Keep only the lines from the top of the listing through the one with "dd_j0 by simp", and reproduce them unaltered.

::: Supplied information :::

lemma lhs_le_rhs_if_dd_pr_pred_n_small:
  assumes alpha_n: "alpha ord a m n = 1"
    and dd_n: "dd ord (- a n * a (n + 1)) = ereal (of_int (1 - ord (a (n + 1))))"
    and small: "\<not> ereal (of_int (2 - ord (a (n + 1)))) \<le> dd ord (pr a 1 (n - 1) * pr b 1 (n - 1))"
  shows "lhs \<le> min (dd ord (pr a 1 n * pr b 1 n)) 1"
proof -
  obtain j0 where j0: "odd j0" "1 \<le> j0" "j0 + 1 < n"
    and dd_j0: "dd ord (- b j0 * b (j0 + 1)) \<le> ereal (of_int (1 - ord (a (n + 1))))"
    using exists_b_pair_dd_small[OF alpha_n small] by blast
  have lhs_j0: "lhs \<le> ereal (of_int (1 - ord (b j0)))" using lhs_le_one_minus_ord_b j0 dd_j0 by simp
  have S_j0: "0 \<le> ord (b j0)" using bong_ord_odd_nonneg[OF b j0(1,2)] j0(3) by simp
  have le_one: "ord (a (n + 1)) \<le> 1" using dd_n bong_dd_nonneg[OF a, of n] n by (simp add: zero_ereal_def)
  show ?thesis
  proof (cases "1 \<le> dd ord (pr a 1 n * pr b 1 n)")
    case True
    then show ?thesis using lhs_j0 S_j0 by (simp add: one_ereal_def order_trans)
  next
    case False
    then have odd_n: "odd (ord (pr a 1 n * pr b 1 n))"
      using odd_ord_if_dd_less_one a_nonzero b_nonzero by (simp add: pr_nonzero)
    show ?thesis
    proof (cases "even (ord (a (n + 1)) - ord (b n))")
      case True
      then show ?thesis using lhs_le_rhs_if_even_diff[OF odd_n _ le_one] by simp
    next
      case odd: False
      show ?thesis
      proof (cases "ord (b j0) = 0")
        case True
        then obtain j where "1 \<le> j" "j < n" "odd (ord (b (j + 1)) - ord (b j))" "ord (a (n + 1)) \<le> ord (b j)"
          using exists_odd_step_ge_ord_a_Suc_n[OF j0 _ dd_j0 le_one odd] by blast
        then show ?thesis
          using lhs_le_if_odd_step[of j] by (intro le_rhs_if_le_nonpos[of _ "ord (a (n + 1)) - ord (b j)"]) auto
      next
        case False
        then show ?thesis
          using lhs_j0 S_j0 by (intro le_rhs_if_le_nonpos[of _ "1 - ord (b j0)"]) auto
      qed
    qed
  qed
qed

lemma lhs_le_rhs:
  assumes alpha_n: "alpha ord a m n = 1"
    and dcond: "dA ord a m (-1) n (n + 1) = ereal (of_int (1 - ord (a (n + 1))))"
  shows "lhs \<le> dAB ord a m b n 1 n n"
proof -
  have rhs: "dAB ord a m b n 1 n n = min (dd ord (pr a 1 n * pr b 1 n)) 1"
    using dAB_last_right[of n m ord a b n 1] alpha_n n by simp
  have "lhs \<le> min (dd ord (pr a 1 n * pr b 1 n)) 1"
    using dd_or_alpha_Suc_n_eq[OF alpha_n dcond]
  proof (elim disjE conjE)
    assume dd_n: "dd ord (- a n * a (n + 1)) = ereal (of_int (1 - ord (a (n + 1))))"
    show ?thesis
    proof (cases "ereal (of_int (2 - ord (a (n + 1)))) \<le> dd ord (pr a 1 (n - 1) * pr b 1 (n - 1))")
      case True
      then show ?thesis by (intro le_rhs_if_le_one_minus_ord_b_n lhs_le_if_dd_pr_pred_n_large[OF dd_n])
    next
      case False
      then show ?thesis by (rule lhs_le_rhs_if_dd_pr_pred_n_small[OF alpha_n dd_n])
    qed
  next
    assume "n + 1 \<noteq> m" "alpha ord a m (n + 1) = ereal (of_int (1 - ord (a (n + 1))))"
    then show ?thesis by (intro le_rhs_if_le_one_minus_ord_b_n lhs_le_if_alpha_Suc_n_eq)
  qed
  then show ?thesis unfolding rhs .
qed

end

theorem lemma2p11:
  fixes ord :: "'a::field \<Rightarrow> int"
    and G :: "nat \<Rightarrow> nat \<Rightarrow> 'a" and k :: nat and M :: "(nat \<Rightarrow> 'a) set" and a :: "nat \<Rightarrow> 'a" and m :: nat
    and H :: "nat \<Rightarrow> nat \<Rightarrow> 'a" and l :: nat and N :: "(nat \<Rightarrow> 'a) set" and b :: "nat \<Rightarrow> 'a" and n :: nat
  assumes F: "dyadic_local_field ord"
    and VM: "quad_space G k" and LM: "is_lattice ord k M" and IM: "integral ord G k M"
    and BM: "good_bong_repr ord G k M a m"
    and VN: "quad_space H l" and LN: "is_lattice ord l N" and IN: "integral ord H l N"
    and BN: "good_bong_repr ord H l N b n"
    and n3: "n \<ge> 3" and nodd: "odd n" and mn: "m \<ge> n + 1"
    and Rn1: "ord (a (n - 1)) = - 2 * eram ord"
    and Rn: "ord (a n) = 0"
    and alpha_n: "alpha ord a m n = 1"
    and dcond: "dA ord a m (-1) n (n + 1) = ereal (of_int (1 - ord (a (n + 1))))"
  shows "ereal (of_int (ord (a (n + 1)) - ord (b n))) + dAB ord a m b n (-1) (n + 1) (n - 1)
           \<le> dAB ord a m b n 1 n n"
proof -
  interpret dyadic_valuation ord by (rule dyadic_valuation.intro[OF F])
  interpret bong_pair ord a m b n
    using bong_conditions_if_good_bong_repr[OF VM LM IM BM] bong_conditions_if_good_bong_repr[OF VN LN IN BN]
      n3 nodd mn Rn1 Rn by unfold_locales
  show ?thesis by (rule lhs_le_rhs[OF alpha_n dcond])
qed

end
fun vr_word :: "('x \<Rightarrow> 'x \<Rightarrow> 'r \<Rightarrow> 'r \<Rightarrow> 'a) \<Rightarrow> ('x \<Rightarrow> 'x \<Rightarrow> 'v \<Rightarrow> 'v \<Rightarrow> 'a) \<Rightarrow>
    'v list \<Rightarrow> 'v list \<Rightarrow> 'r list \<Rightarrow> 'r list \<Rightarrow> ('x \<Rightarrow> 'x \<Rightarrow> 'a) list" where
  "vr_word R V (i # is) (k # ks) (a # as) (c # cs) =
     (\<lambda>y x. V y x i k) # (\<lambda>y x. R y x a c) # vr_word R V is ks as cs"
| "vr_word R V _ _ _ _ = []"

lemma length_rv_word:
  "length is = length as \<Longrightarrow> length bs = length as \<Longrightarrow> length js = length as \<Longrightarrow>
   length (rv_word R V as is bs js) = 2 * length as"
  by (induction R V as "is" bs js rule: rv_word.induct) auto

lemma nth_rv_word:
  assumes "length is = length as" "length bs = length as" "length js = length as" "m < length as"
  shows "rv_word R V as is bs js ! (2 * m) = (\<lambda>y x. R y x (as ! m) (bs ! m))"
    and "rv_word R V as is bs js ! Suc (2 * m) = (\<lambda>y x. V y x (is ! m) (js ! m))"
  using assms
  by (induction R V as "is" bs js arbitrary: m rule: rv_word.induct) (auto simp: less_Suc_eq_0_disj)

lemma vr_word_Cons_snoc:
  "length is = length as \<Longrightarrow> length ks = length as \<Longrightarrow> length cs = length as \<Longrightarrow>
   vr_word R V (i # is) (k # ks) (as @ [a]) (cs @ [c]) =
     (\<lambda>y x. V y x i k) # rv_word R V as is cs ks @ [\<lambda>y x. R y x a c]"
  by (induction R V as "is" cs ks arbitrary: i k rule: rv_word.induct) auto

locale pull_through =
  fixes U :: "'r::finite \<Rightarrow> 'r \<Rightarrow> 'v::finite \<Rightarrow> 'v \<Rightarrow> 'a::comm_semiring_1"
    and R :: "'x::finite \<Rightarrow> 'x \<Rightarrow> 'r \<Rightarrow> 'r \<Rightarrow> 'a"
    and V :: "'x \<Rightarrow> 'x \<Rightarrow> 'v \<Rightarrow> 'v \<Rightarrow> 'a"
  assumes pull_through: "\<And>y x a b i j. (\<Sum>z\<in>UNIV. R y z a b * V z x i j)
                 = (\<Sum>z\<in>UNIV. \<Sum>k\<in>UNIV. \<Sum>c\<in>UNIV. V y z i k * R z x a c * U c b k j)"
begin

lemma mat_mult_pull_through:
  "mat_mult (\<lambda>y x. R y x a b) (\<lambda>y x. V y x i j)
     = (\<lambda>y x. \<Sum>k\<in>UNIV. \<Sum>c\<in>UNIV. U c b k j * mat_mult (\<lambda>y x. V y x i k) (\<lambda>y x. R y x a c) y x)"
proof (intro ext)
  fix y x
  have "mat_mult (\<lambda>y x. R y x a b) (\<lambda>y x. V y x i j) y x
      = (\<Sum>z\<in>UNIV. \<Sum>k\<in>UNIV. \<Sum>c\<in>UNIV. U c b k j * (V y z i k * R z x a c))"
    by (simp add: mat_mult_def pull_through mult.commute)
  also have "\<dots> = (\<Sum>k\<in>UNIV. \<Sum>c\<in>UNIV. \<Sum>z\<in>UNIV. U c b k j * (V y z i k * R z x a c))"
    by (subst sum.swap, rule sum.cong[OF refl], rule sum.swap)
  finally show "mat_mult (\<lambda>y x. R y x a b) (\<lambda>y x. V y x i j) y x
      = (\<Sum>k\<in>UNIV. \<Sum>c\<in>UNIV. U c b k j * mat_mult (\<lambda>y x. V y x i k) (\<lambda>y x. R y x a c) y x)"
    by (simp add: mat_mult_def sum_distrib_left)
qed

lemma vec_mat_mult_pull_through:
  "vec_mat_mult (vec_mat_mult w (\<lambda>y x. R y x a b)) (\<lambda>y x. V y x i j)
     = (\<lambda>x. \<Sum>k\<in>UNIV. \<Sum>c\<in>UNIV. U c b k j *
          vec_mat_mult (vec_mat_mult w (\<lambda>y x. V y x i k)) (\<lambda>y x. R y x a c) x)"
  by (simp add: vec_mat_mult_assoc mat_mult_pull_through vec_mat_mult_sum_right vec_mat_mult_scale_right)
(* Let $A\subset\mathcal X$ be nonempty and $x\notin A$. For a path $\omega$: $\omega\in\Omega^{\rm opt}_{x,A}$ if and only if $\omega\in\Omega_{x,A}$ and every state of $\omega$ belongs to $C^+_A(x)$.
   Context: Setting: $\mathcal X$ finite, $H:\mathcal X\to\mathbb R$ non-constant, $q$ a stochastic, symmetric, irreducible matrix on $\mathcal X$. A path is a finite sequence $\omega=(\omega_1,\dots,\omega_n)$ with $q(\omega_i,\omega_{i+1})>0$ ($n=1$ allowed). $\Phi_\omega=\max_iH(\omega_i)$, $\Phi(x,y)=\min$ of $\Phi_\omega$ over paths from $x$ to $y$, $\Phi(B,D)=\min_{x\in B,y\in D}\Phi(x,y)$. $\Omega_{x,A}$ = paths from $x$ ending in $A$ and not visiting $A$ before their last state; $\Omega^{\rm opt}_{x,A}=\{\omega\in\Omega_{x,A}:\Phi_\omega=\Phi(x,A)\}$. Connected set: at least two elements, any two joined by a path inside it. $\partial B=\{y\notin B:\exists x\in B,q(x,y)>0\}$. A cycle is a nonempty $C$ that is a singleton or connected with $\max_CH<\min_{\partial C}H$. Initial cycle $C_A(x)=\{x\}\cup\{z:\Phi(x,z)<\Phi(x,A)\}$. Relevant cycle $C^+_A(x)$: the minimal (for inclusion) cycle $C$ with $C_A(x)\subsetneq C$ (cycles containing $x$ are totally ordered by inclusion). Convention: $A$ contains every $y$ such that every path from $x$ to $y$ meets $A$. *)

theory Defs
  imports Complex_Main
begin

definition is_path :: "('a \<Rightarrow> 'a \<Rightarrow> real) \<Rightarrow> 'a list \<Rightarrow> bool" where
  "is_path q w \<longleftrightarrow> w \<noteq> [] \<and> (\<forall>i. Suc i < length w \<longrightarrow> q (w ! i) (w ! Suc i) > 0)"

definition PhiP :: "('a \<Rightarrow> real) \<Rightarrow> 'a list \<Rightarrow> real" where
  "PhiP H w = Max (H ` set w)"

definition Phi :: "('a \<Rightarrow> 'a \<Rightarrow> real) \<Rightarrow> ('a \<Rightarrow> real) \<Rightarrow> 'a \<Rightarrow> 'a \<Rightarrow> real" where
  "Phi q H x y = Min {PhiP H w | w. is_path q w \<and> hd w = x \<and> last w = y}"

:::

#### Completed exercise
lemma lhs_le_rhs_if_dd_pr_pred_n_small:
  assumes alpha_n: "alpha ord a m n = 1"
    and dd_n: "dd ord (- a n * a (n + 1)) = ereal (of_int (1 - ord (a (n + 1))))"
    and small: "\<not> ereal (of_int (2 - ord (a (n + 1)))) \<le> dd ord (pr a 1 (n - 1) * pr b 1 (n - 1))"
  shows "lhs \<le> min (dd ord (pr a 1 n * pr b 1 n)) 1"
proof -
  obtain j0 where j0: "odd j0" "1 \<le> j0" "j0 + 1 < n"
    and dd_j0: "dd ord (- b j0 * b (j0 + 1)) \<le> ereal (of_int (1 - ord (a (n + 1))))"
    using exists_b_pair_dd_small[OF alpha_n small] by blast
  have lhs_j0: "lhs \<le> ereal (of_int (1 - ord (b j0)))" using lhs_le_one_minus_ord_b j0 dd_j0 by simp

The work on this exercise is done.